Anyway, I'm slowly digging out of the paper mountain. Slowly throwing away things that trigger me, and making my space mine again. Slowly learning to take care of my boundaries and feelings, to reach out when i need help, and to trust people who are trustworthy.

Four months. Kinda hoped I would be ready to date again by now. I know now that it takes as long as it takes. But I sure do miss companionship. Just not ready to risk my heart yet. I tried to put it out there recently and it got a little squashed...I have more work to do.
_Posted via Mobile Device_


----------



## Dadwithtwolittlegirls (Jul 23, 2012)

If you want to take your mind off of it.. go to *******.com and answer the 1000 plus questions they have for matching people. I'm not looking for a date but the questions were sure interesting and at 5 hours in I still haven't answered all the questions.

BEWARE: some get personal but most just cracked me up or made me think.


----------



## samyeagar (May 14, 2012)

*hugs* I'm proud of you my dear.


----------



## Frostflower (Jul 22, 2012)

Sadwithtwolittlegirls said:


> If you want to take your mind off of it.. go to *******.com and answer the 1000 plus questions they have for matching people.
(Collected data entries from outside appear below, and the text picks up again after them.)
lemma clif_vec_singleton [simp]: "clif_vec c {k} = c k"
proof -
  have "clif_vec c {k} = (\<Sum>j\<in>UNIV. if j = k then c j else 0)"
    unfolding clif_vec_def clif_e_def by (intro sum.cong) auto
  then show ?thesis by simp
qed

lemma clif_vec_not_singleton: "\<nexists>k. C = {k} \<Longrightarrow> clif_vec c C = 0"
  unfolding clif_vec_def clif_e_def by auto

lemma clif_smult_vec: "clif_smult z (clif_vec c) = clif_vec (\<lambda>k. z * c k)"
  unfolding clif_smult_def clif_vec_def by (simp add: sum_distrib_left mult.assoc)

lemma clif_add_vec: "clif_add (clif_vec c) (clif_vec d) = clif_vec (\<lambda>k. c k + d k)"
  unfolding clif_add_def clif_vec_def by (simp add: sum.distrib distrib_right)

lemma clif_smult_add_vec:
  "clif_smult z (clif_add (clif_smult x (clif_vec c)) (clif_smult y (clif_vec d)))
     = clif_vec (\<lambda>k. z * x * c k + z * y * d k)"
  by (simp add: clif_smult_vec clif_add_vec algebra_simps)

lemma clif_mult_vec_right:
  "clif_mult a (clif_vec c) C = (\<Sum>k\<in>UNIV. c k * clif_mult a (clif_e k) C)"
  unfolding clif_mult_def clif_vec_def
  by (simp add: sum_distrib_left mult_ac) (rule sum.swap)

lemma clif_mult_vec_left:
  "clif_mult (clif_vec c) b C = (\<Sum>j\<in>UNIV. c j * clif_mult (clif_e j) b C)"
  unfolding clif_mult_def clif_vec_def
  by (simp add: sum_distrib_left sum_distrib_right mult_ac) (rule sum.swap)

lemma clif_mult_vec_vec:
  "clif_mult (clif_vec c) (clif_vec d) C =
     (\<Sum>j\<in>UNIV. \<Sum>k\<in>UNIV. c j * d k * clif_mult (clif_e j) (clif_e k) C)"
  by (subst clif_mult_vec_left) (simp add: clif_mult_vec_right sum_distrib_left mult.assoc)

lemma clif_mult_e_scalar: "clif_mult (clif_e j) (clif_scalar z) C = z * clif_e j C"
proof -
  let ?D = "({j} - C) \<union> (C - {j})"
  have "clif_mult (clif_e j) (clif_scalar z) C =
      (\<Sum>A\<in>UNIV. if A = {j} then clif_sign {j} ?D * (if ?D = {} then z else 0) else 0)"
    unfolding clif_mult_def clif_e_def clif_scalar_def by (intro sum.cong) auto
  also have "\<dots> = clif_sign {j} ?D * (if ?D = {} then z else 0)"
    by simp
  also have "\<dots> = z * clif_e j C"
    by (cases "C = {j}") (auto simp: clif_e_def clif_sign_def)
  finally show ?thesis .
qed

lemma clif_partial_vec:
  "clif_partial j (\<lambda>y. clif_vec (c y)) x = clif_vec (\<lambda>k. coord_partial j (\<lambda>y. c y k) x)"
proof
  fix C
  show "clif_partial j (\<lambda>y. clif_vec (c y)) x C = clif_vec (\<lambda>k. coord_partial j (\<lambda>y. c y k) x) C"
    by (cases "\<exists>k. C = {k}")
       (auto simp: clif_partial_def coord_partial_def clif_vec_not_singleton)
qed

lemma dirac_scalar:
  "dirac (\<lambda>y. clif_scalar (\<phi> y)) = (\<lambda>x. clif_vec (\<lambda>k. coord_partial k \<phi> x))"
proof (intro ext)
  fix x C
  have "clif_partial j (\<lambda>y. clif_scalar (\<phi> y)) x = clif_scalar (coord_partial j \<phi> x)" for j
    unfolding clif_partial_def clif_scalar_def coord_partial_def by auto
  then show "dirac (\<lambda>y. clif_scalar (\<phi> y)) x C = clif_vec (\<lambda>k. coord_partial k \<phi> x) C"
    unfolding dirac_def clif_vec_def by (simp add: clif_mult_e_scalar)
qed

lemma has_partials_scalarD:
  fixes \<phi> :: "(real, 'n::finite) vec \<Rightarrow> complex"
  assumes "has_partials S (\<lambda>y. clif_scalar (\<phi> y))" "x \<in> S"
  shows "((\<lambda>t. \<phi> (x + t *\<^sub>R axis j 1)) has_vector_derivative coord_partial j \<phi> x) (at 0)"
proof -
  have "(\<lambda>t. clif_scalar (\<phi> (x + t *\<^sub>R axis j 1)) ({} :: 'n set)) differentiable (at 0)"
    using assms unfolding has_partials_def by simp
  then show ?thesis
    by (simp add: clif_scalar_def coord_partial_def vector_derivative_works)
qed

lemma has_partials_vec_iff:
  "has_partials S (\<lambda>y. clif_vec (c y)) \<longleftrightarrow>
     (\<forall>x\<in>S. \<forall>j k. (\<lambda>t. c (x + t *\<^sub>R axis j 1) k) differentiable (at 0))"
  unfolding has_partials_def
proof (intro iffI ballI allI)
  fix x j k
  assume "\<forall>x\<in>S. \<forall>j A. (\<lambda>t. clif_vec (c (x + t *\<^sub>R axis j 1)) A) differentiable (at 0)" "x \<in> S"
  then have "(\<lambda>t. clif_vec (c (x + t *\<^sub>R axis j 1)) {k}) differentiable (at 0)"
    by blast
  then show "(\<lambda>t. c (x + t *\<^sub>R axis j 1) k) differentiable (at 0)"
    by simp
next
  fix x j A
  assume "\<forall>x\<in>S. \<forall>j k. (\<lambda>t. c (x + t *\<^sub>R axis j 1) k) differentiable (at 0)" "x \<in> S"
  then show "(\<lambda>t. clif_vec (c (x + t *\<^sub>R axis j 1)) A) differentiable (at 0)"
    by (cases "\<exists>k. A = {k}") (auto simp: clif_vec_not_singleton)
qed

lemma riccati_expression_vec:
  "clif_add (dirac (\<lambda>y. clif_vec (c y)) x) (clif_mult (clif_vec (c x)) (clif_vec (c x))) C =
     (\<Sum>j\<in>UNIV. \<Sum>k\<in>UNIV.
        (coord_partial j (\<lambda>y. c y k) x + c x j * c x k) * clif_mult (clif_e j) (clif_e k) C)"
  unfolding clif_add_def dirac_def clif_partial_vec clif_mult_vec_vec
  by (simp add: clif_mult_vec_right algebra_simps sum.distrib)

lemma riccati_solution_vec_iff:
  "riccati_solution S v (\<lambda>y. clif_vec (c y)) \<longleftrightarrow>
     has_partials S (\<lambda>y. clif_vec (c y)) \<and>
     (\<forall>x\<in>S. \<forall>C. (\<Sum>j\<in>UNIV. \<Sum>k\<in>UNIV.
        (coord_partial j (\<lambda>y. c y k) x + c x j * c x k) * clif_mult (clif_e j) (clif_e k) C)
        = clif_scalar (v x) C)"
  unfolding riccati_solution_def riccati_expression_vec [symmetric] fun_eq_iff by blast

lemma riccati_solution_vec_has_vector_derivative:
  assumes "riccati_solution S v (\<lambda>y. clif_vec (c y))" "x \<in> S"
  shows "((\<lambda>t. c (x + t *\<^sub>R axis j 1) k) has_vector_derivative coord_partial j (\<lambda>y. c y k) x) (at 0)"
  using assms unfolding riccati_solution_vec_iff has_partials_vec_iff
  by (simp add: coord_partial_def vector_derivative_works)

lemma riccati_solution_subset:
  "riccati_solution S v F \<Longrightarrow> T \<subseteq> S \<Longrightarrow> riccati_solution T v F"
  unfolding riccati_solution_def has_partials_def by blast

lemma has_vector_derivative_exp_quotients:
  fixes s :: "real \<Rightarrow> complex" and K :: complex
  assumes s: "(s has_vector_derivative s') (at t)" and ne: "K * exp (s t) \<noteq> 1"
  shows "((\<lambda>u. K * exp (s u) / (K * exp (s u) - 1)) has_vector_derivative
           K * exp (s t) / (K * exp (s t) - 1) * (- 1 / (K * exp (s t) - 1)) * s') (at t)"
    and "((\<lambda>u. - 1 / (K * exp (s u) - 1)) has_vector_derivative
           - (K * exp (s t) / (K * exp (s t) - 1) * (- 1 / (K * exp (s t) - 1)) * s')) (at t)"
proof -
  have ne': "K * exp (s t) - 1 \<noteq> 0"
    using ne by simp
  have "((\<lambda>z. K * exp z / (K * exp z - 1)) has_field_derivative
      - (K * exp (s t)) / (K * exp (s t) - 1)\<^sup>2) (at (s t))"
    using ne' by (auto intro!: derivative_eq_intros simp: power2_eq_square divide_simps)
      (simp add: algebra_simps)
  from field_vector_diff_chain_at [OF s this]
  show "((\<lambda>u. K * exp (s u) / (K * exp (s u) - 1)) has_vector_derivative
      K * exp (s t) / (K * exp (s t) - 1) * (- 1 / (K * exp (s t) - 1)) * s') (at t)"
    by (simp add: o_def power2_eq_square field_simps)
  have "((\<lambda>z. - 1 / (K * exp z - 1)) has_field_derivative
      K * exp (s t) / (K * exp (s t) - 1)\<^sup>2) (at (s t))"
    using ne' by (auto intro!: derivative_eq_intros simp: power2_eq_square divide_simps)
  from field_vector_diff_chain_at [OF s this]
  show "((\<lambda>u. - 1 / (K * exp (s u) - 1)) has_vector_derivative
      - (K * exp (s t) / (K * exp (s t) - 1) * (- 1 / (K * exp (s t) - 1)) * s')) (at t)"
    by (simp add: o_def power2_eq_square field_simps)
qed

lemma riccati_affine_coefficient:
  fixes l m dl da db aj ak bj bk :: "'a::comm_ring_1"
  assumes "l + m = 1" "dl = l * m * (aj - bj)"
  shows "(l * da + m * db + dl * ak - dl * bk) + (l * aj + m * bj) * (l * ak + m * bk)
       = l * (da + aj * ak) + m * (db + bj * bk)"
proof -
  have m: "m = 1 - l"
    using assms(1) by (simp add: algebra_simps)
  show ?thesis
    unfolding assms(2) m by (simp add: algebra_simps)
qed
I'm not looking for a date but the questions were sure interesting and at 5 hours in I still haven't answered all the questions.
> 
> BEWARE: some get personal but most just cracked me up or made me think.


Do you think that's a safe site?


----------



## sadwithouthim (Dec 8, 2011)

You don't need a man right now! You just as I and most on here need to heal and find our own happiness first or new relationships will never work. Its just another recipe for disaster. I know its hard to find friends, i have that trouble too but do try to find same sex friends. Keep up the good work. I always look up to you.
_Posted via Mobile Device_


----------



## MyselfAgain (Apr 21, 2012)

Sadwithouthim, you are so sweet! I agree that I'm not ready to date, and actually I was feeling fine with being single until another one of my male friends, who I had been getting closer with, took a step back because our flirting might be awkward when he starts dating in the next few weeks. I guess I was just enjoying learning how to flirt and relate to a man again...and maybe I became a bit attached. The last thing I need while I'm trying to heal! It's hard though, when I am meeting so many guys who are sweet and so unlike my ex (ie, mature!), its no wonder I am developing felings for one of them.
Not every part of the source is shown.